Issue with Training - Generator error

junyongyou / triq

TRIQ implementation

MIT License

133 stars 23 forks source link

Issue with Training - Generator error #19

Closed ngun7 closed 2 years ago

ngun7 commented 2 years ago

Hello! I followed all the instructions for training and prepared the data & labels accordingly. When I ran the training script it runs for a few steps say 170/2135 and then it stops throwing exception errors.

I then changed return np.array(images_aug), np.array(y_scores) to return np.array(images_aug, dtype='object'), np.array(y_scores, dtype='object'), but now script is just stuck and doesn't consume much GPU memory after a while(700MB/16GB). I even tried training from scratch(not loaded ImageNet pretrained weights) but still no luck.

My conda env details: tensorflow-gpu==2.1.0 tensorflow_addons==0.8.3 h5py==2.10.0

junyongyou commented 2 years ago

I think you probably need to check your data (images). You don't need to convert the format to object.

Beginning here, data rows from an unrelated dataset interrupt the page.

lemma sets_natF_Int_in_sigma_stopped:
  assumes "A \<in> sets (natF E \<infinity>)"
  shows "A \<inter> H \<in> sigma_sets (paths E) (\<Union>n\<in>{1..}. sets (natF.pre_sigma E (S n)))"
proof (rule sigma_sets_Int_mem[OF \<Sigma>.sigma_algebra_axioms H])
  show "A \<in> sigma_sets (paths E)
      {{\<omega> \<in> paths E. \<omega> s \<in> B} | s B. 0 \<le> s \<and> ereal s \<le> \<infinity> \<and> B \<in> sets (borelD E)}"
    using assms by (simp only: sets_natF)
qed (blast intro: coordinate_event_Int_in_sigma_stopped)

end

lemma sets_pre_sigma_subset_sigma_T_n:
  fixes E :: "'a::euclidean_space set" and T :: "(real \<Rightarrow> 'a option) \<Rightarrow> ereal"
  defines "\<Sigma> \<equiv> sigma_sets (paths E)
    (\<Union>n\<in>{1..}. sets (natF.pre_sigma E (\<lambda>\<omega>. min (T \<omega>) (T_n n \<omega>))))"
  assumes T: "stopping_time (natF E) T"
  shows "sets (natF.pre_sigma E T) \<subseteq> \<Sigma>"
proof
  let ?S = "\<lambda>n \<omega>. min (T \<omega>) (T_n n \<omega>)"
  have S: "stopping_time (natF E) (?S n)" for n
    by (intro stopping_time_min T stopping_time_T_n)
  interpret \<Sigma>: sigma_algebra "paths E" \<Sigma>
    unfolding \<Sigma>_def by (rule natF.sigma_algebra_sigma_pre_sigma)
  have F_infinity: "A \<in> sets (natF E \<infinity>)" if "A \<in> sets (natF.pre_sigma E T)" for A
    using natF.sets_pre_sigmaD[OF T that, of \<infinity>] by simp
  have generator: "X \<in> \<Sigma>" if "X \<in> sets (natF.pre_sigma E (?S n))" "n \<in> {1..}" for X n
    unfolding \<Sigma>_def using that by (intro sigma_sets.Basic) blast
  have early: "(\<Union>n\<in>{1..}. {\<omega>\<in>A. T \<omega> < T_n n \<omega>}) \<in> \<Sigma>" if "A \<in> sets (natF.pre_sigma E T)" for A
    using natF.sets_pre_sigma_min_less[OF T stopping_time_T_n that]
    by (intro \<Sigma>.countable_UN''[OF countableI_type] generator)
  have late: "(\<Union>n\<in>{1..}. {\<omega>\<in>A. ?S n \<omega> = \<infinity>}) \<in> \<Sigma>" if "A \<in> sets (natF.pre_sigma E T)" for A
    using natF.sets_pre_sigma_Int_eq_const[OF S F_infinity[OF that]]
    by (intro \<Sigma>.countable_UN''[OF countableI_type] generator)
  define H where "H = paths E - (\<Union>n\<in>{1..}. {\<omega>\<in>paths E. T \<omega> < T_n n \<omega>})
    - (\<Union>n\<in>{1..}. {\<omega>\<in>paths E. ?S n \<omega> = \<infinity>})"
  have "paths E \<in> sets (natF.pre_sigma E T)"
    using sets.top[of "natF.pre_sigma E T"] by (simp add: natF.space_pre_sigma)
  then have H: "H \<in> \<Sigma>"
    unfolding H_def using early late by (intro \<Sigma>.Diff \<Sigma>.top)
  have H_T'_n: "?S n \<omega> = T'_n n \<omega>" if "\<omega> \<in> H" "1 \<le> n" for \<omega> n
  proof -
    have "\<not> T \<omega> < T_n n \<omega>" "?S n \<omega> \<noteq> \<infinity>" using that by (auto simp: H_def)
    then have "?S n \<omega> = T_n n \<omega>" "T_n n \<omega> \<noteq> \<infinity>" by (auto simp: min_def)
    then show ?thesis by (simp add: T_n_def split: if_splits)
  qed
  fix A assume A: "A \<in> sets (natF.pre_sigma E T)"
  have "A = (\<Union>n\<in>{1..}. {\<omega>\<in>A. T \<omega> < T_n n \<omega>}) \<union> (\<Union>n\<in>{1..}. {\<omega>\<in>A. ?S n \<omega> = \<infinity>}) \<union> A \<inter> H"
    using sets.sets_into_space[OF A] by (auto simp: H_def natF.space_pre_sigma)
  also have "\<dots> \<in> \<Sigma>"
  proof (intro \<Sigma>.Un early[OF A] late[OF A])
    show "A \<inter> H \<in> \<Sigma>"
      using sets_natF_Int_in_sigma_stopped[OF S H[unfolded \<Sigma>_def] H_T'_n F_infinity[OF A]]
      unfolding \<Sigma>_def .
  qed
  finally show "A \<in> \<Sigma>" .
qed

lemma sigma_T_n_subset_pre_sigma_T_expl:
  fixes E :: "'a::euclidean_space set" and T :: "(real \<Rightarrow> 'a option) \<Rightarrow> ereal"
  assumes T: "stopping_time (natF E) T"
  shows "sigma_sets (paths E) (\<Union>n\<in>{1..}. sets (natF.pre_sigma E (\<lambda>\<omega>. min (T \<omega>) (T_n n \<omega>))))
    \<subseteq> sets (natF.pre_sigma E (\<lambda>\<omega>. min (T \<omega>) (T_expl \<omega>)))"
proof -
  let ?S = "\<lambda>n \<omega>. min (T \<omega>) (T_n n \<omega>)" and ?R = "\<lambda>\<omega>. min (T \<omega>) (T_expl \<omega>)"
  have "sets (natF.pre_sigma E (?S n)) \<subseteq> sets (natF.pre_sigma E ?R)" if "n \<in> {1..}" for n
  proof (rule natF.mono_pre_sigma)
    show "stopping_time (natF E) (?S n)" "stopping_time (natF E) ?R"
      by (intro stopping_time_min T stopping_time_T_n stopping_time_T_expl)+
    show "?S n \<omega> \<le> ?R \<omega>" if "\<omega> \<in> paths E" for \<omega>
    proof -
      have "T_n n \<omega> \<le> T_expl \<omega>"
        unfolding T_expl_eq_SUP_T_n[OF that] using \<open>n \<in> {1..}\<close> by (rule SUP_upper)
      then show ?thesis by (rule min.mono[OF order_refl])
    qed
  qed
  then have "sigma_sets (space (natF.pre_sigma E ?R)) (\<Union>n\<in>{1..}. sets (natF.pre_sigma E (?S n)))
      \<subseteq> sets (natF.pre_sigma E ?R)"
    by (intro sets.sigma_sets_subset) blast
  then show ?thesis
    unfolding natF.space_pre_sigma .
qed

theorem proposition2p1:
  fixes E :: "'a::euclidean_space set"
    and T :: "(real \<Rightarrow> 'a option) \<Rightarrow> ereal"
  assumes "closed E"
    and "stopping_time (natF E) T"
    and "\<forall>\<omega>\<in>paths E. 0 \<le> T \<omega>"
  shows "sets (filtration.pre_sigma (paths E) (natF E) T)
           = sets (filtration.pre_sigma (paths E) (natF E) (\<lambda>\<omega>. min (T \<omega>) (T_expl \<omega>)))
         \<and> sets (filtration.pre_sigma (paths E) (natF E) T)
           = sigma_sets (paths E)
               (\<Union>n\<in>{1..}. sets (filtration.pre_sigma (paths E) (natF E) (\<lambda>\<omega>. min (T \<omega>) (T_n n \<omega>))))"
proof -
  note T = assms(2)
  have R: "stopping_time (natF E) (\<lambda>\<omega>. min (T \<omega>) (T_expl \<omega>))"
    by (intro stopping_time_min T stopping_time_T_expl)
  have "sets (natF.pre_sigma E (\<lambda>\<omega>. min (T \<omega>) (T_expl \<omega>))) \<subseteq> sets (natF.pre_sigma E T)"
    by (rule natF.mono_pre_sigma[OF R T]) simp
  with sigma_T_n_subset_pre_sigma_T_expl[OF T] sets_pre_sigma_subset_sigma_T_n[OF T]
  show ?thesis by blast
qed

end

ngun7 commented 2 years ago

During inference, image size is being reduced to (512,384) with maximum_positional_encoding size of 193. Here, I want to train a model with bigger images so that I don't have to downsample during prediction. During splitting, I resized koniq_normal & koniq_small images to (1024,768) and set maximum positional encoding to 769. Do you think this might be the issue?https://github.com/junyongyou/triq/blob/5a0a79714dd9e1aeb17cfe8430e33d38e16f3187/src/databases/random_split_imageset.py#L16

junyongyou commented 2 years ago

Hi, I don't think that matters. I meant that you need to check your data. Because the model has already been trained for 170 steps without any problems, and then the generator throws an error of data conversion. I would guess something wrong with an image data at the 171st step. So you can try to only run the generator on the images, and see if you can get the correct data at all steps.

ngun7 commented 2 years ago

Hello @junyongyou, thanks for the reply. I checked the data(even tried with a single dataset koniq_normal) and everything seems fine. More than generator error, script stops with "val_loss" key error. This happens all the time after running for few steps in an epoch. Attaching screenshot:

junyongyou commented 2 years ago

Hi, I have just downloaded the code and tried to train for a couple of epochs, and everything was fine. I really don't know what your problem is from. My current TF version 2.5.1. Maybe check your TF?